Please write out exactly the lines of the data below from the line holding "(\<lambda>xs. LEAST m." through the line holding "the second, last element first. *)", and leave out the rest.
==============================
lemma prod_decode_tri_root:
  "prod_decode z = (z - triangle (tri_root z), tri_root z - (z - triangle (tri_root z)))"
proof -
  let ?s = "tri_root z"
  have "z < triangle (Suc z)" by (induction z) auto
  then have upper: "z < triangle (Suc ?s)" unfolding tri_root_def by (rule LeastI)
  have lower: "triangle ?s \<le> z"
  proof (cases ?s)
    case (Suc s')
    then have "\<not> z < triangle (Suc s')" unfolding tri_root_def by (metis lessI not_less_Least)
    then show ?thesis using Suc by simp
  qed simp
  have "prod_encode (z - triangle ?s, ?s - (z - triangle ?s)) = z"
    unfolding prod_encode_def using upper lower by simp
  then show ?thesis by (metis prod_encode_inverse)
qed

lemma computable_tri_root: "computable (Suc 0) (\<lambda>xs. tri_root (xs ! 0))"
proof -
  have "decidable_pred (Suc (Suc 0)) (\<lambda>ys. \<not> triangle (Suc (ys ! 0)) \<le> ys ! 1)"
    by (intro decidable_pred_not decidable_pred_le computable_triangle computable_Suc computable_nth0
        computable_nth1)
  then have "computable (Suc 0) (\<lambda>xs. LEAST s. \<not> triangle (Suc ((s # xs) ! 0)) \<le> (s # xs) ! 1)"
  proof (rule computable_Least_pred)
    fix xs :: "nat list"
    have "xs ! 0 < triangle (Suc (xs ! 0))" by (induction "xs ! 0") auto
    then show "\<exists>s. \<not> triangle (Suc ((s # xs) ! 0)) \<le> (s # xs) ! 1"
      by (intro exI[of _ "xs ! 0"]) simp
  qed
  then show ?thesis by (rule computable_cong) (simp add: tri_root_def not_le)
qed

lemma computable_fst_prod_decode: "computable k f \<Longrightarrow> computable k (\<lambda>xs. fst (prod_decode (f xs)))"
proof -
  have "computable (Suc 0) (\<lambda>xs. xs ! 0 - triangle (tri_root (xs ! 0)))"
    by (rule computable_diff[OF computable_nth0 computable_triangle[OF computable_tri_root]])
  then have "computable (Suc 0) (\<lambda>xs. fst (prod_decode (xs ! 0)))" by (simp add: prod_decode_tri_root)
  then show "computable k f \<Longrightarrow> ?thesis" using computable_comp1 by fastforce
qed

lemma computable_snd_prod_decode: "computable k f \<Longrightarrow> computable k (\<lambda>xs. snd (prod_decode (f xs)))"
proof -
  have "computable (Suc 0) (\<lambda>xs. tri_root (xs ! 0) - (xs ! 0 - triangle (tri_root (xs ! 0))))"
    by (rule computable_diff[OF computable_tri_root computable_diff[OF computable_nth0
          computable_triangle[OF computable_tri_root]]])
  then have "computable (Suc 0) (\<lambda>xs. snd (prod_decode (xs ! 0)))" by (simp add: prod_decode_tri_root)
  then show "computable k f \<Longrightarrow> ?thesis" using computable_comp1 by fastforce
qed

definition code_hd :: "nat \<Rightarrow> nat" where
  "code_hd p = fst (prod_decode (p - 1))"

definition code_tl :: "nat \<Rightarrow> nat" where
  "code_tl p = snd (prod_decode (p - 1))"

lemma code_hd_list_encode [simp]: "code_hd (list_encode (x # xs)) = x"
  by (simp add: code_hd_def)

lemma code_tl_list_encode [simp]: "code_tl (list_encode (x # xs)) = list_encode xs"
  by (simp add: code_tl_def)

lemma code_tl_0 [simp]: "code_tl 0 = 0"
  by (simp add: code_tl_def prod_decode_def prod_decode_aux.simps)

lemma computable_code_hd: "computable k f \<Longrightarrow> computable k (\<lambda>xs. code_hd (f xs))"
  unfolding code_hd_def by (intro computable_fst_prod_decode computable_minus_one)

lemma computable_code_tl: "computable k f \<Longrightarrow> computable k (\<lambda>xs. code_tl (f xs))"
  unfolding code_tl_def by (intro computable_snd_prod_decode computable_minus_one)

lemma code_tl_funpow: "(code_tl ^^ k) (list_encode xs) = list_encode (drop k xs)"
proof (induction k arbitrary: xs)
  case (Suc k)
  show ?case
  proof (cases xs)
    case Nil
    have "(code_tl ^^ k) 0 = 0" by (induction k) auto
    then show ?thesis using Nil by (simp add: funpow_Suc_right del: funpow.simps)
  next
    case (Cons y ys)
    then show ?thesis using Suc
      by (simp add: funpow_Suc_right del: funpow.simps list_encode.simps)
  qed
qed simp

lemma computable_code_tl_funpow:
  "computable k f \<Longrightarrow> computable k g \<Longrightarrow> computable k (\<lambda>xs. (code_tl ^^ f xs) (g xs))"
proof -
  have "computable (Suc (Suc 0)) (\<lambda>xs. prim_rec (\<lambda>ys. ys ! 0) (\<lambda>ys. code_tl (ys ! 1)) (hd xs) (tl xs))"
    by (rule computable_prim_rec[OF computable_nth0 computable_code_tl[OF computable_nth1]])
  moreover have "prim_rec (\<lambda>ys. ys ! 0) (\<lambda>ys. code_tl (ys ! 1)) n ys = (code_tl ^^ n) (ys ! 0)" for n ys
    by (induction n) auto
  ultimately have "computable (Suc (Suc 0)) (\<lambda>xs. (code_tl ^^ (xs ! 0)) (xs ! 1))"
    by (auto elim!: computable_cong simp: length_Suc_conv)
  then show "computable k f \<Longrightarrow> computable k g \<Longrightarrow> ?thesis" using computable_comp2 by fastforce
qed

definition code_length :: "nat \<Rightarrow> nat" where
  "code_length p = (LEAST k. (code_tl ^^ k) p = 0)"

lemma code_length_list_encode [simp]: "code_length (list_encode xs) = length xs"
proof -
  have "(code_tl ^^ k) (list_encode xs) = 0 \<longleftrightarrow> length xs \<le> k" for k
    by (simp add: code_tl_funpow)
      (metis list_encode.simps(1) list_encode_inverse list_decode.simps(1) drop_eq_Nil)
  then show ?thesis unfolding code_length_def by (intro Least_equality) auto
qed

lemma computable_code_length: "computable k f \<Longrightarrow> computable k (\<lambda>xs. code_length (f xs))"
proof -
  have "computable (Suc 0) (\<lambda>xs. LEAST m. (code_tl ^^ ((m # xs) ! 0)) ((m # xs) ! 1) = 0)"
  proof (rule computable_Least[OF computable_code_tl_funpow[OF computable_nth0 computable_nth1]])
    fix xs :: "nat list"
    have "(code_tl ^^ length (list_decode (xs ! 0))) (xs ! 0) = 0"
      by (metis code_tl_funpow list_decode_inverse drop_all order_refl list_encode.simps(1))
    then show "\<exists>m. (code_tl ^^ ((m # xs) ! 0)) ((m # xs) ! 1) = 0" by auto
  qed
  then have "computable (Suc 0) (\<lambda>xs. code_length (xs ! 0))"
    by (rule computable_cong) (simp add: code_length_def)
  then show "computable k f \<Longrightarrow> ?thesis" using computable_comp1 by fastforce
qed

(* The code of a concatenation is built by consing the elements of the first list onto the code of
   the second, last element first. *)

definition code_append_step :: "nat list \<Rightarrow> nat" where
  "code_append_step ys =
     Suc (prod_encode (code_hd ((code_tl ^^ (code_length (ys ! 3) - Suc (ys ! 0))) (ys ! 3)), ys ! 1))"

definition code_append :: "nat \<Rightarrow> nat \<Rightarrow> nat" where
  "code_append p q = prim_rec (\<lambda>ys. ys ! 0) code_append_step (code_length p) [q, p]"

lemma prim_rec_code_append_step: "n \<le> length xs \<Longrightarrow>
   prim_rec (\<lambda>ys. ys ! 0) code_append_step n [list_encode ys, list_encode xs] =
   list_encode (drop (length xs - n) xs @ ys)"
proof (induction n)
  case (Suc n)
  then have n: "n < length xs" by simp
  have drop: "drop (length xs - Suc n) xs = xs ! (length xs - Suc n) # drop (length xs - n) xs"
    using n Cons_nth_drop_Suc[of "length xs - Suc n" xs] by (simp add: Suc_diff_Suc)
  then have "code_hd ((code_tl ^^ (length xs - Suc n)) (list_encode xs)) = xs ! (length xs - Suc n)"
    by (simp add: code_tl_funpow del: list_encode.simps)
  then show ?case
    using Suc.IH n drop by (simp add: code_append_step_def del: list_encode.simps) simp
qed simp

lemma code_append_list_encode [simp]:
  "code_append (list_encode xs) (list_encode ys) = list_encode (xs @ ys)"
  unfolding code_append_def using prim_rec_code_append_step[of "length xs" xs ys] by simp

lemma computable_code_append:
  "computable k f \<Longrightarrow> computable k g \<Longrightarrow> computable k (\<lambda>xs. code_append (f xs) (g xs))"
proof -
  have "computable (Suc (Suc (Suc (Suc 0)))) code_append_step"
    unfolding code_append_step_def[abs_def]
    by (intro computable_Suc computable_prod_encode computable_code_hd computable_code_tl_funpow
        computable_diff computable_code_length computable_nth0 computable_nth1 computable_nth3)
  then have "computable (Suc (Suc (Suc 0))) (\<lambda>xs. prim_rec (\<lambda>ys. ys ! 0) code_append_step (hd xs) (tl xs))"
    by (rule computable_prim_rec[OF computable_nth0])
  then have "computable (Suc (Suc 0)) (\<lambda>xs. code_append (xs ! 0) (xs ! 1))"
    using computable_comp3[OF _ computable_code_length[OF computable_nth0] computable_nth1 computable_nth0]
    by (fastforce simp: code_append_def)
  then show "computable k f \<Longrightarrow> computable k g \<Longrightarrow> ?thesis" using computable_comp2 by fastforce
qed

definition letter_code :: "letter \<Rightarrow> nat" where
  "letter_code l = 2 * fst l + (if snd l then 1 else 0)"

definition word_decode :: "nat \<Rightarrow> letter list" where
  "word_decode q = map (\<lambda>x. (x div 2, odd x)) (list_decode q)"

lemma enc_word_eq: "enc_word w = list_encode (map letter_code w)"
  unfolding enc_word_def letter_code_def by (metis (no_types, lifting) case_prod_beta map_eq_conv)

lemma enc_word_word_decode [simp]: "enc_word (word_decode q) = q"
proof -
  have "map letter_code (word_decode q) = list_decode q"
    unfolding word_decode_def letter_code_def by (rule nth_equalityI) auto
  then show ?thesis by (simp add: enc_word_eq)
qed

lemma word_decode_enc_word [simp]: "word_decode (enc_word w) = w"
proof -
  have "map (\<lambda>x. (x div 2, odd x)) (map letter_code w) = w"
    by (rule nth_equalityI) (auto simp: letter_code_def prod_eq_iff)
  then show ?thesis by (simp add: word_decode_def enc_word_eq)
qed

lemma enc_word_append: "enc_word (u @ v) = code_append (enc_word u) (enc_word v)"
  by (simp add: enc_word_eq)

lemma computable_enc_word_replicate:
  "computable k f \<Longrightarrow> computable k (\<lambda>xs. enc_word (concat (replicate (f xs) v)))"
proof -
  have "computable (Suc 0)
      (\<lambda>xs. ((\<lambda>a. code_append (enc_word v) ((a # tl xs) ! 0)) ^^ (hd xs)) ((\<lambda>_. 0) (tl xs)))"
    by (rule computable_funpow[OF computable_code_append[OF computable_const computable_nth0]
          computable_const])
  moreover have "((\<lambda>a. code_append (enc_word v) a) ^^ k) 0 = enc_word (concat (replicate k v))" for k
    by (induction k) (auto simp: enc_word_append enc_word_eq)
  ultimately have "computable (Suc 0) (\<lambda>xs. enc_word (concat (replicate (xs ! 0) v)))"
    by (auto elim!: computable_cong simp: length_Suc_conv)
  then show "computable k f \<Longrightarrow> ?thesis" using computable_comp1 by fastforce
qed

lemma prod_encode_mem_word_pairs:
  "prod_encode (p, q) \<in> {prod_encode (enc_word w1, enc_word w2) | w1 w2. P w1 w2} \<longleftrightarrow>
   P (word_decode p) (word_decode q)"
proof
  assume "prod_encode (p, q) \<in> {prod_encode (enc_word w1, enc_word w2) | w1 w2. P w1 w2}"
  then obtain w1 w2 where "prod_encode (p, q) = prod_encode (enc_word w1, enc_word w2)" "P w1 w2"
    by blast
  then show "P (word_decode p) (word_decode q)" by (simp add: prod_encode_eq)
qed (metis (mono_tags, lifting) enc_word_word_decode mem_Collect_eq)

lemma decidable_pairs_iff:
  "decidable_pairs P \<longleftrightarrow>
   decidable_pred (Suc (Suc 0)) (\<lambda>xs. P (word_decode (xs ! 0)) (word_decode (xs ! 1)))"
proof
  let ?S = "{prod_encode (enc_word w1, enc_word w2) | w1 w2. P w1 w2}"
  assume "decidable_pairs P"
  then obtain F where F: "\<forall>x. reval F [x] (if x \<in> ?S then 1 else 0)"
    unfolding decidable_pairs_def decidable_set_def by blast
  have "computable (Suc 0) (\<lambda>xs. if xs ! 0 \<in> ?S then 1 else 0)"
    unfolding computable_def
  proof (intro exI[of _ F] allI impI)
    fix xs :: "nat list" assume "length xs = Suc 0"
    then obtain x where "xs = [x]" by (auto simp: length_Suc_conv)
    then show "reval F xs (if xs ! 0 \<in> ?S then 1 else 0)" using F by (simp only: nth_Cons_0)
  qed
  from computable_comp1[OF this computable_prod_encode[OF computable_nth0 computable_nth1]]
  have "computable (Suc (Suc 0)) (\<lambda>xs. if prod_encode (xs ! 0, xs ! 1) \<in> ?S then 1 else 0)"
    by (simp only: nth_Cons_0)
  then show "decidable_pred (Suc (Suc 0)) (\<lambda>xs. P (word_decode (xs ! 0)) (word_decode (xs ! 1)))"
    unfolding decidable_pred_def prod_encode_mem_word_pairs .
next
  let ?S = "{prod_encode (enc_word w1, enc_word w2) | w1 w2. P w1 w2}"
  assume "decidable_pred (Suc (Suc 0)) (\<lambda>xs. P (word_decode (xs ! 0)) (word_decode (xs ! 1)))"
  from decidable_pred_comp2[OF this computable_fst_prod_decode[OF computable_nth0[of 0]]
      computable_snd_prod_decode[OF computable_nth0[of 0]]]
  have "decidable_pred (Suc 0) (\<lambda>xs. P (word_decode (fst (prod_decode (xs ! 0))))
      (word_decode (snd (prod_decode (xs ! 0)))))"
    by simp
  then have "computable (Suc 0) (\<lambda>xs. if xs ! 0 \<in> ?S then 1 else 0)"
    unfolding decidable_pred_def
    using prod_encode_mem_word_pairs[of "fst (prod_decode x)" "snd (prod_decode x)" P for x]
    by (simp add: prod_decode_inverse)
  then obtain F where F: "\<forall>xs. length xs = Suc 0 \<longrightarrow> reval F xs (if xs ! 0 \<in> ?S then 1 else 0)"
    unfolding computable_def by blast
  have "\<forall>x. reval F [x] (if x \<in> ?S then 1 else 0)"
  proof
    fix x show "reval F [x] (if x \<in> ?S then 1 else 0)"
      using F[rule_format, of "[x]"] by (simp only: length_Cons list.size(3) nth_Cons_0 simp_thms)
  qed
  then show "decidable_pairs P" unfolding decidable_pairs_def decidable_set_def by blast
qed

lemma Xn_iff: "(i, m) \<in> Xn n \<longleftrightarrow> 1 \<le> i \<and> i \<le> n \<and> 1 \<le> m"
  by (auto simp: Xn_def)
==============================
Answer section:
  have "computable (Suc 0) (\<lambda>xs. LEAST m. (code_tl ^^ ((m # xs) ! 0)) ((m # xs) ! 1) = 0)"
  proof (rule computable_Least[OF computable_code_tl_funpow[OF computable_nth0 computable_nth1]])
    fix xs :: "nat list"
    have "(code_tl ^^ length (list_decode (xs ! 0))) (xs ! 0) = 0"
      by (metis code_tl_funpow list_decode_inverse drop_all order_refl list_encode.simps(1))
    then show "\<exists>m. (code_tl ^^ ((m # xs) ! 0)) ((m # xs) ! 1) = 0" by auto
  qed
  then have "computable (Suc 0) (\<lambda>xs. code_length (xs ! 0))"
    by (rule computable_cong) (simp add: code_length_def)
  then show "computable k f \<Longrightarrow> ?thesis" using computable_comp1 by fastforce
qed

(* The code of a concatenation is built by consing the elements of the first list onto the code of
   the second, last element first. *)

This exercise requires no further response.